The hot pot splitting problem
You’re at a Sichuan hot pot restaurant with five friends. The server sets down a bubbling pot of mala broth, the numbing spice hitting your nose before you’ve even ordered. Then the ingredient menus come out. This is where hot pot gets complicated.
Unlike Korean BBQ where everyone pays the same all-you-can-eat price, or dim sum where dishes arrive for the table, hot pot uses a hybrid pricing model that’s uniquely challenging to split:
Shared cooking medium. Everyone uses it. Nobody consumes it directly. The restaurant’s labor-intensive foundation.
Meat, seafood, vegetables, tofu, noodles. Ordered by individuals. Cooked in the shared pot. Eaten by whoever ordered them.
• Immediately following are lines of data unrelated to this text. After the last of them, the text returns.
(* Consider a linearly separable training set $\{(\mathbf{x}_i,y_i)\}_{i=1}^N$, $\mathbf{x}_i\in\mathbb{R}^n$, $y_i\in\{-1,1\}$, whose maximum-margin separating hyperplane passes through the origin, and train a linear model with learnable bias by gradient descent (small step size $\eta$, approximated by gradient flow) on the exponential loss $\mathcal{L}(\mathbf{w},b)=\sum_{i=1}^N e^{-y_i(\mathbf{w}^T\mathbf{x}_i+b)}$. Suppose the weight iterates satisfy $\mathbf{w}(t)=\hat{\mathbf{w}}\log t+\boldsymbol\rho(t)$ with $\|\boldsymbol\rho(t)\|$ bounded and $\boldsymbol\rho(t)\to\tilde{\mathbf{w}}$, where $\hat{\mathbf{w}}$ is the hard-margin SVM weight vector (so $y_i\hat{\mathbf{w}}^T\mathbf{x}_i=1$ on support vectors), the support vectors span the dataset, $\hat{\mathbf{w}}=\sum_{i\in\mathcal{S}}\alpha_i\mathbf{x}_{s,i}$, and $\tilde{\mathbf{w}}$ satisfies $\eta\exp(-\mathbf{x}_{s,i}^T\tilde{\mathbf{w}})=\alpha_i$ for each support vector. Let $\mathcal{S}^+$, $\mathcal{S}^-$ be the support vectors of class $+1$ and $-1$ respectively, and define $A_S^+=\sum_{i\in\mathcal{S}^+}\exp(-\tilde{\mathbf{w}}^T\mathbf{x}_i)$, $A_S^-=\sum_{i\in\mathcal{S}^-}\exp(\tilde{\mathbf{w}}^T\mathbf{x}_i)$, $\delta=\sqrt{A_S^-/A_S^+}$, and $g(t)=2\sqrt{A_S^+A_S^-}\log(t/t_0)$, where $t_0$ is a constant (the time at which the late-time dynamics begin). If the bias is initialized at $0$, then the late-time gradient flow dynamics of the bias follow $$\frac{db}{dt}=\frac{1}{t}\left(A_S^+e^{-b}-A_S^-e^{b}\right),$$ and integrating, $$b(t)=\log\left(\frac{(1+\delta)\exp(g(t))-(1-\delta)}{(1+\delta)\exp(g(t))+(1-\delta)}\right)-\log\delta .$$ Consequently $b(t)$ converges to $b_\infty=-\log\delta$.
   Context: Support vectors are the training points $\mathbf{x}_{s,i}$ with $y_i(\mathbf{w}_{SVM}^T\mathbf{x}_i+b_{SVM})=1$, where $(\mathbf{w}_{SVM},b_{SVM})$ is the minimum-norm solution of $y_i(\mathbf{w}^T\mathbf{x}_i+b)\ge 1$ for all $i$; by assumption $b_{SVM}=0$. "Late-time dynamics" refers to times $t\ge t_0$ at which $\boldsymbol\rho(t)$ may be replaced by its limit $\tilde{\mathbf{w}}$ and only support vectors contribute to the loss gradient. *)

theory Defs
  imports "HOL-Analysis.Analysis"
begin

definition svm_feasible :: "nat \<Rightarrow> (nat \<Rightarrow> real^'n) \<Rightarrow> (nat \<Rightarrow> real) \<Rightarrow> real^'n \<Rightarrow> real \<Rightarrow> bool" where
  "svm_feasible N x y w b \<longleftrightarrow> (\<forall>i<N. y i * (w \<bullet> x i + b) \<ge> 1)"

definition is_hard_margin_svm :: "nat \<Rightarrow> (nat \<Rightarrow> real^'n) \<Rightarrow> (nat \<Rightarrow> real) \<Rightarrow> real^'n \<Rightarrow> real \<Rightarrow> bool" where
  "is_hard_margin_svm N x y w b \<longleftrightarrow>
     svm_feasible N x y w b \<and> (\<forall>w' b'. svm_feasible N x y w' b' \<longrightarrow> norm w \<le> norm w')"

definition support_vectors :: "nat \<Rightarrow> (nat \<Rightarrow> real^'n) \<Rightarrow> (nat \<Rightarrow> real) \<Rightarrow> real^'n \<Rightarrow> real \<Rightarrow> nat set" where
  "support_vectors N x y w b = {i. i < N \<and> y i * (w \<bullet> x i + b) = 1}"

text \<open>Negative partial derivative of the exponential loss with respect to the bias,
  restricted to an index set I (late time: only support vectors contribute).\<close>
definition neg_dL_db :: "nat set \<Rightarrow> (nat \<Rightarrow> real^'n) \<Rightarrow> (nat \<Rightarrow> real) \<Rightarrow> real^'n \<Rightarrow> real \<Rightarrow> real" where
  "neg_dL_db I x y w b = (\<Sum>i\<in>I. y i * exp (- (y i * (w \<bullet> x i + b))))"

definition A_plus :: "nat set \<Rightarrow> (nat \<Rightarrow> real^'n) \<Rightarrow> (nat \<Rightarrow> real) \<Rightarrow> real^'n \<Rightarrow> real" where
  "A_plus S x y wt = (\<Sum>i\<in>{i\<in>S. y i = 1}. exp (- (wt \<bullet> x i)))"

definition A_minus :: "nat set \<Rightarrow> (nat \<Rightarrow> real^'n) \<Rightarrow> (nat \<Rightarrow> real) \<Rightarrow> real^'n \<Rightarrow> real" where
  "A_minus S x y wt = (\<Sum>i\<in>{i\<in>S. y i = -1}. exp (wt \<bullet> x i))"

end

theory Submission
  imports Defs "HOL-Real_Asymp.Real_Asymp"
begin
(* In the setting described in the context, $V$ is an irreducible $\mathcal U$-module on which the generators act as follows: $y^+_0$ acts as $a^{-1}A$, $y^+_1$ as $a^{*-1}A^*$, $y^-_0$ as $b^{*-1}B^*$, $y^-_1$ as $b^{-1}B$, $k_0$ as $K^*$, $k_1$ as $K^{*-1}$, $k_0^{-1}$ as $K^{*-1}$, and $k_1^{-1}$ as $K^*$.
   Context: $\mathbb K$ is an algebraically closed field, $q\in\mathbb K$ nonzero and not a root of unity, $[3]_q=\frac{q^3-q^{-3}}{q-q^{-1}}$, $V$ a nonzero finite-dimensional $\mathbb K$-vector space. $\mathcal U$ (isomorphic to $U_q(\widehat{sl}_2)$) is the unital associative $\mathbb K$-algebra with generators $y^{\pm}_i,k_i^{\pm1}$ ($i\in\{0,1\}$) and relations: $k_ik_i^{-1}=k_i^{-1}k_i=1$; $k_0k_1$ central; $\frac{qy^+_ik_i-q^{-1}k_iy^+_i}{q-q^{-1}}=1$; $\frac{qk_iy^-_i-q^{-1}y^-_ik_i}{q-q^{-1}}=1$; $\frac{qy^-_iy^+_i-q^{-1}y^+_iy^-_i}{q-q^{-1}}=1$; $\frac{qy^+_iy^-_j-q^{-1}y^-_jy^+_i}{q-q^{-1}}=k_0^{-1}k_1^{-1}$ ($i\ne j$); $(y^{\pm}_i)^3y^{\pm}_j-[3]_q(y^{\pm}_i)^2y^{\pm}_jy^{\pm}_i+[3]_qy^{\pm}_iy^{\pm}_j(y^{\pm}_i)^2-y^{\pm}_j(y^{\pm}_i)^3=0$ ($i\ne j$). A tridiagonal pair on $V$ is an ordered pair $A,A^*$ of linear maps $V\to V$ such that: (i) each is diagonalizable; (ii) there is an ordering $V_0,\dots,V_d$ of the eigenspaces of $A$ with $A^*V_i\subseteq V_{i-1}+V_i+V_{i+1}$ ($V_{-1}=V_{d+1}=0$); (iii) there is an ordering $V^*_0,\dots,V^*_\delta$ of the eigenspaces of $A^*$ with $AV^*_i\subseteq V^*_{i-1}+V^*_i+V^*_{i+1}$ ($V^*_{-1}=V^*_{\delta+1}=0$); (iv) no subspace $W\ne0,V$ satisfies $AW\subseteq W$, $A^*W\subseteq W$. It is known $d=\delta$; orderings as in (ii),(iii) are called standard. Setting: $A,A^*$ is a tridiagonal pair on $V$; $V_0,\dots,V_d$ (resp. $V^*_0,\dots,V^*_d$) is a standard ordering of the eigenspaces of $A$ (resp. $A^*$); the eigenvalue of $A$ on $V_i$ is $aq^{2i-d}$ and that of $A^*$ on $V^*_i$ is $a^*q^{d-2i}$ for nonzero $a,a^*\in\mathbb K$; $b,b^*\in\mathbb K$ nonzero. For $0\le i\le d$, each of the families $(V^*_0+\cdots+V^*_i)\cap(V_0+\cdots+V_{d-i})$, $(V^*_{d-i}+\cdots+V^*_d)\cap(V_i+\cdots+V_d)$, $(V^*_{d-i}+\cdots+V^*_d)\cap(V_0+\cdots+V_{d-i})$ is a decomposition of $V$ (nonzero subspaces, direct sum equal to $V$). $B$ acts as $bq^{2i-d}I$ on $(V^*_0+\cdots+V^*_i)\cap(V_0+\cdots+V_{d-i})$; $B^*$ acts as $b^*q^{d-2i}I$ on $(V^*_{d-i}+\cdots+V^*_d)\cap(V_i+\cdots+V_d)$; $K^*$ acts as $q^{2i-d}I$ on $(V^*_{d-i}+\cdots+V^*_d)\cap(V_0+\cdots+V_{d-i})$. *)

theory Defs
  imports "HOL-Analysis.Analysis" "HOL-Computational_Algebra.Polynomial"
begin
Personal sauce bars, individual beverages, specialty condiments. Entirely individual consumption.
The result: a $214 bill where $28 is genuinely communal infrastructure and $186 is trackable individual consumption. Split evenly, that’s $35.67 per person. But you ordered $22 worth of vegetables while your friend ordered $48 in premium lamb and wagyu. Equal splitting makes no sense. But what about the pot?
The core question: The broth base is shared infrastructure, like the table and the flame. But unlike those, you’re charged for it. Should it split equally (shared access) or proportionally (based on how much you cooked)?